Edan looked around them then shrugged. “Tough luck sweetheart,” she said echoing his pet name. “You’re here and as weird as this place is? It says second chance on the door. Might as well get used to it. Make something of it.” Why was she giving this speech again? How had that happened? Unable to stop herself she looked for her brother, expecting to see him nodding in agreement, but as always there was nothing there. Just her and the murderer.
Evan glanced around too, before looking back at her. "Yeah, not so sure about that." he told her. "And I'm damn sure I'm not going to 'graduate' or some shit like that. It'd be stupid to put me back on the streets anyway." He'd killed others in prison too, so...yeah. He wasn't even quite sure how he'd managed to get in this program to start with. "So about that steering clear thing..."
“I wonder if you’d think that if you had something to live for,” Edan said, more musing out loud than actually posing a question. “Yeah...no. Not right away. Technically I still owe you one, so for now, this” she waved between them, “is as far as I’m getting. Sorry.” Maybe it was giving him too much, but she had learned in prison that owing someone went a long way. Maybe he’d understand that. And maybe she was still curious.
"You don't get to start throwing around ideas about me and living. I've been dealing with the idea that I didn't have a life anymore, since I was a kid, so, don't bother." he added. He was kind of sure starting to have hope of some different life--or a life at all, for that matter--would be just a little soul crushing when all of this crashed and burned. "And you don't owe me shit, Miss Vice President." he said. "I didn't do anything. Nothing worth owing someone for. I say if you owe me, not the other way around. I say you're in the clear."

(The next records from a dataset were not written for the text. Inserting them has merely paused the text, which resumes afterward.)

lemma sum_right_weight:
  assumes "finite S" "0 \<notin> S"
  shows "(\<Sum>w\<in>permutations_of_set S. right_weight u v b w) = right_poly u v b (card S)"
  using assms
proof (induction S rule: finite_remove_Min_induct)
  case (remove_Min S)
  obtain n where n: "card S = Suc n"
    using remove_Min.hyps by (metis card_0_eq not0_implies_Suc)
  have "(\<Sum>w\<in>permutations_of_set S. right_weight u v b w) =
      b * (\<Sum>k\<le>card S - 1. of_nat (card S - 1 choose k) * inner_poly u v k * right_poly u v b (card S - 1 - k))"
  proof (rule sum_permutations_of_set_split_Min[OF remove_Min.hyps])
    fix L R assume "\<forall>z\<in>set L. Min S < z" "\<forall>z\<in>set R. Min S < z"
    then show "right_weight u v b (L @ Min S # R) = b * inner_weight u v L * right_weight u v b R"
      by (rule right_weight_append_min)
  next
    fix T assume "T \<subseteq> S - {Min S}"
    then show "(\<Sum>w\<in>permutations_of_set T. right_weight u v b w) = right_poly u v b (card T)"
      using remove_Min.prems by (intro remove_Min.IH) auto
    show "(\<Sum>w\<in>permutations_of_set T. inner_weight u v w) = inner_poly u v (card T)"
      using \<open>T \<subseteq> S - {Min S}\<close> remove_Min.hyps remove_Min.prems
      by (intro sum_inner_weight) (auto intro: finite_subset)
  qed
  then show ?case by (simp add: n)
qed (simp add: left_weight_def right_weight_def peak_weight_def lrmin_def rlmin_def)

lemma sum_permutations_peak_lrmin_rlmin:
  "(\<Sum>\<sigma>\<in>permutations_of_set {1..n+1}.
      u ^ (2 * peaks \<sigma>) * v ^ (n - 2 * peaks \<sigma>) * a ^ (lrmin \<sigma> - 1) * b ^ (rlmin \<sigma> - 1))
    = (\<Sum>k\<le>n. of_nat (n choose k) * left_poly u v a k * right_poly u v b (n - k))"
proof -
  have "(\<Sum>\<sigma>\<in>permutations_of_set {1..n+1}.
      u ^ (2 * peaks \<sigma>) * v ^ (n - 2 * peaks \<sigma>) * a ^ (lrmin \<sigma> - 1) * b ^ (rlmin \<sigma> - 1))
    = (\<Sum>\<sigma>\<in>permutations_of_set {1..n+1}.
      peak_weight u v \<sigma> * a ^ (lrmin \<sigma> - 1) * b ^ (rlmin \<sigma> - 1))"
    by (intro sum.cong) (auto simp: peak_weight_def length_finite_permutations_of_set)
  also have "\<dots> = 1 * (\<Sum>k\<le>card {1..n+1} - 1. of_nat (card {1..n+1} - 1 choose k) *
      left_poly u v a k * right_poly u v b (card {1..n+1} - 1 - k))"
  proof (rule sum_permutations_of_set_split_Min)
    fix L R :: "nat list" assume "\<forall>z\<in>set L. Min {1..n+1} < z" "\<forall>z\<in>set R. Min {1..n+1} < z"
    then show "peak_weight u v (L @ Min {1..n+1} # R) * a ^ (lrmin (L @ Min {1..n+1} # R) - 1)
        * b ^ (rlmin (L @ Min {1..n+1} # R) - 1) = 1 * left_weight u v a L * right_weight u v b R"
      using peak_weight_append_min by simp
  next
    fix T assume "T \<subseteq> {1..n+1} - {Min {1..n+1}}"
    then have T: "finite T" "0 \<notin> T"
      by (auto intro: finite_subset)
    show "(\<Sum>w\<in>permutations_of_set T. left_weight u v a w) = left_poly u v a (card T)"
      using T by (rule sum_left_weight)
    show "(\<Sum>w\<in>permutations_of_set T. right_weight u v b w) = right_poly u v b (card T)"
      using T by (rule sum_right_weight)
  qed simp_all
  finally show ?thesis by simp
qed

definition egf :: "(nat \<Rightarrow> 'a::field_char_0) \<Rightarrow> 'a fps" where
  "egf a = Abs_fps (\<lambda>n. a n / fact n)"

lemma egf_nth_0 [simp]: "egf a $ 0 = a 0"
  by (simp add: egf_def)

lemma fps_deriv_egf: "fps_deriv (egf a) = egf (\<lambda>n. a (Suc n))"
  by (rule fps_ext) (simp add: egf_def field_simps del: of_nat_Suc)

lemma egf_mult: "egf a * egf b = egf (\<lambda>n. \<Sum>k\<le>n. of_nat (n choose k) * a k * b (n - k))"
proof (rule fps_ext)
  fix n
  have "(\<Sum>k\<le>n. of_nat (n choose k) * a k * b (n - k)) / fact n
      = (\<Sum>k\<le>n. a k / fact k * (b (n - k) / fact (n - k)))"
    unfolding sum_divide_distrib by (intro sum.cong refl) (simp add: binomial_fact field_simps)
  then show "(egf a * egf b) $ n = egf (\<lambda>n. \<Sum>k\<le>n. of_nat (n choose k) * a k * b (n - k)) $ n"
    by (simp add: egf_def fps_mult_nth atLeast0AtMost)
qed

lemma fps_deriv_egf_inner_poly:
  "fps_deriv (egf (inner_poly u v)) = egf (inner_poly u v) * egf (inner_poly u v) - fps_const (v\<^sup>2 - u\<^sup>2)"
proof (rule fps_ext)
  fix n
  show "fps_deriv (egf (inner_poly u v)) $ n
      = (egf (inner_poly u v) * egf (inner_poly u v) - fps_const (v\<^sup>2 - u\<^sup>2)) $ n"
    unfolding fps_deriv_egf egf_mult by (cases n) (simp_all add: egf_def power2_eq_square)
qed

lemma fps_deriv_egf_left_poly:
  "fps_deriv (egf (left_poly u v a)) = fps_const a * (egf (left_poly u v a) * egf (inner_poly u v))"
  unfolding fps_deriv_egf egf_mult by (simp add: egf_def fps_eq_iff)

lemma fps_deriv_egf_right_poly:
  "fps_deriv (egf (right_poly u v b)) = fps_const b * (egf (inner_poly u v) * egf (right_poly u v b))"
  unfolding fps_deriv_egf egf_mult by (simp add: egf_def fps_eq_iff)

section \<open>Linear and Riccati differential equations for power series\<close>

lemma fps_linear_ode_unique:
  fixes f g h :: "'a::{idom,ring_char_0} fps"
  assumes "fps_deriv f = g * f" "fps_deriv h = g * h" "f $ 0 = h $ 0"
  shows "f = h"
proof -
  define d where "d = f - h"
  have deriv: "fps_deriv d = g * d"
    using assms(1,2) by (simp add: d_def algebra_simps)
  have "\<forall>k\<le>n. d $ k = 0" for n
  proof (induction n)
    case 0
    then show ?case using assms(3) by (simp add: d_def)
  next
    case (Suc n)
    have "of_nat (Suc n) * d $ Suc n = (g * d) $ n"
      using fps_deriv_nth[of d n] by (simp add: deriv)
    also have "\<dots> = 0"
      using Suc.IH by (simp add: fps_mult_nth)
    finally show ?case
      using Suc.IH le_Suc_eq by (auto simp del: of_nat_Suc)
  qed
  then show ?thesis by (auto simp: d_def fps_eq_iff)
qed

lemma fps_deriv_cosh: "fps_deriv (fps_cosh c) = fps_const c * fps_sinh c"
  and fps_deriv_sinh: "fps_deriv (fps_sinh c) = fps_const c * fps_cosh c"
  by (simp_all add: fps_cosh_def fps_sinh_def algebra_simps flip: fps_const_neg)

lemma fps_cosh_nth_0 [simp]: "fps_cosh c $ 0 = 1"
  and fps_sinh_nth_0 [simp]: "fps_sinh c $ 0 = 0"
  by (simp_all add: fps_cosh_def fps_sinh_def)

lemma fps_riccati_solution:
  fixes H :: "'a::field_char_0 fps"
  assumes "fps_deriv H = H * H - fps_const (s\<^sup>2)" "H $ 0 = v"
  defines "Q \<equiv> fps_const s * fps_cosh s - fps_const v * fps_sinh s"
  shows "H * Q = - fps_deriv Q"
proof -
  have dQ: "fps_deriv Q = fps_const (s\<^sup>2) * fps_sinh s - fps_const (v * s) * fps_cosh s"
    by (simp add: Q_def fps_deriv_cosh fps_deriv_sinh power2_eq_square flip: fps_const_mult)
  have ddQ: "fps_deriv (fps_deriv Q) = fps_const (s\<^sup>2) * Q"
    by (simp add: dQ Q_def fps_deriv_cosh fps_deriv_sinh power2_eq_square algebra_simps
        flip: fps_const_mult)
  have "H * Q + fps_deriv Q = 0"
  proof (rule fps_linear_ode_unique)
    show "fps_deriv (H * Q + fps_deriv Q) = H * (H * Q + fps_deriv Q)"
      by (simp add: ddQ assms(1) algebra_simps)
    have "fps_deriv Q $ 0 = - v * s" by (simp add: dQ)
    then show "(H * Q + fps_deriv Q) $ 0 = 0 $ 0"
      by (simp add: Q_def assms(2))
  qed simp
  then show ?thesis by (simp add: eq_neg_iff_add_eq_0)
qed

lemma fps_powr_nth_0 [simp]: "fps_powr G c $ 0 = 1"
  by (simp add: fps_powr_def)

lemma fps_deriv_fps_powr:
  fixes G :: "'a::field_char_0 fps"
  assumes G0: "G $ 0 = 1"
  shows "fps_deriv (fps_powr G c) = fps_const c * fps_deriv G * inverse G * fps_powr G c"
proof -
  define L where "L = fps_ln 1 oo (G - 1)"
  have G1: "(G - 1) $ 0 = 0" using G0 by simp
  have "fps_deriv (fps_ln 1) oo (G - 1) = inverse G"
    using fps_inverse_compose[OF G1, of "1 + fps_X"] G1
    by (simp add: fps_ln_deriv fps_compose_add_distrib)
  then have dL: "fps_deriv L = inverse G * fps_deriv G"
    by (simp add: L_def fps_compose_deriv[OF G1])
  have P: "fps_powr G c = fps_exp 1 oo (fps_const c * L)"
    by (simp add: fps_powr_def L_def)
  have "(fps_const c * L) $ 0 = 0"
    by (simp add: L_def fps_ln_def)
  then show ?thesis
    by (simp add: P fps_compose_deriv dL mult_ac)
qed

lemma fps_logderiv_const_divide:
  fixes Q :: "'a::field_char_0 fps"
  assumes "c \<noteq> 0" "Q $ 0 \<noteq> 0"
  shows "fps_deriv (fps_const c / Q) * inverse (fps_const c / Q) = - fps_deriv Q * inverse Q"
proof -
  have "Q * inverse Q = 1" using assms(2) by (rule inverse_mult_eq_1')
  moreover have "fps_const c * inverse (fps_const c) = 1"
    using assms(1) by (simp add: fps_const_inverse)
  ultimately show ?thesis
    using assms by (simp add: fps_divide_unit fps_inverse_deriv fps_inverse_mult power2_eq_square
        algebra_simps)
qed

lemma fps_deriv_egf_left_right_poly:
  "fps_deriv (egf (left_poly u v a) * egf (right_poly u v b))
    = fps_const (a + b) * egf (inner_poly u v) * (egf (left_poly u v a) * egf (right_poly u v b))"
  by (simp add: fps_deriv_egf_left_poly fps_deriv_egf_right_poly algebra_simps flip: fps_const_add)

“It was just a thought,” Edan said shaking her head. She looked over at him, hating that he was shutting her down so easily. “Fine. I don’t owe you, even if I feel like I do.” She poked at her bruise again then took a step backwards towards the door. “You know, reasoning being...very clear as to why I should stay away...without it? I’d want to be around you again. Food for thought.” She took another few steps back, curious what he’d say before she really left.
He was glad that she didn't push owing him, even if she could have. Because really, owing someone went both ways. She could just as easily tell him the debt wasn't clear until she said so, because it was on her conscience that she owed him. When she got closer to the door, he watched her movement, though he glanced at the bar again, and walked over to pick up the ice pick. "But the reasoning is there. And never going away. So, doesn't really matter, does it. Don't forget this." he said, holding it out towards her, handle in her direction.
Edan bit her lip, looking at the ice pick in his hand before going back and taking it from him, letting herself get close. “And then there’s this,” she said, looking at the weapon he’d just armed her with. “You’re a curious man Asher,” she told him softly, tapping the handle against her lower lip before backing up again. “I’ll be seeing you.” She sounded like she meant it.
"You know what they say about curiosity. Careful, sweetheart. There's killers around here, you know." he told her in parting, glad she'd taken the ice pick, at least. Maybe next time, crazy bitches wouldn't get the jump on her. And she wouldn't have to back off from people, because she would know she had something she could defend herself with. Either way, he watched her go, eyes not leaving her til she was out the door and out of sight.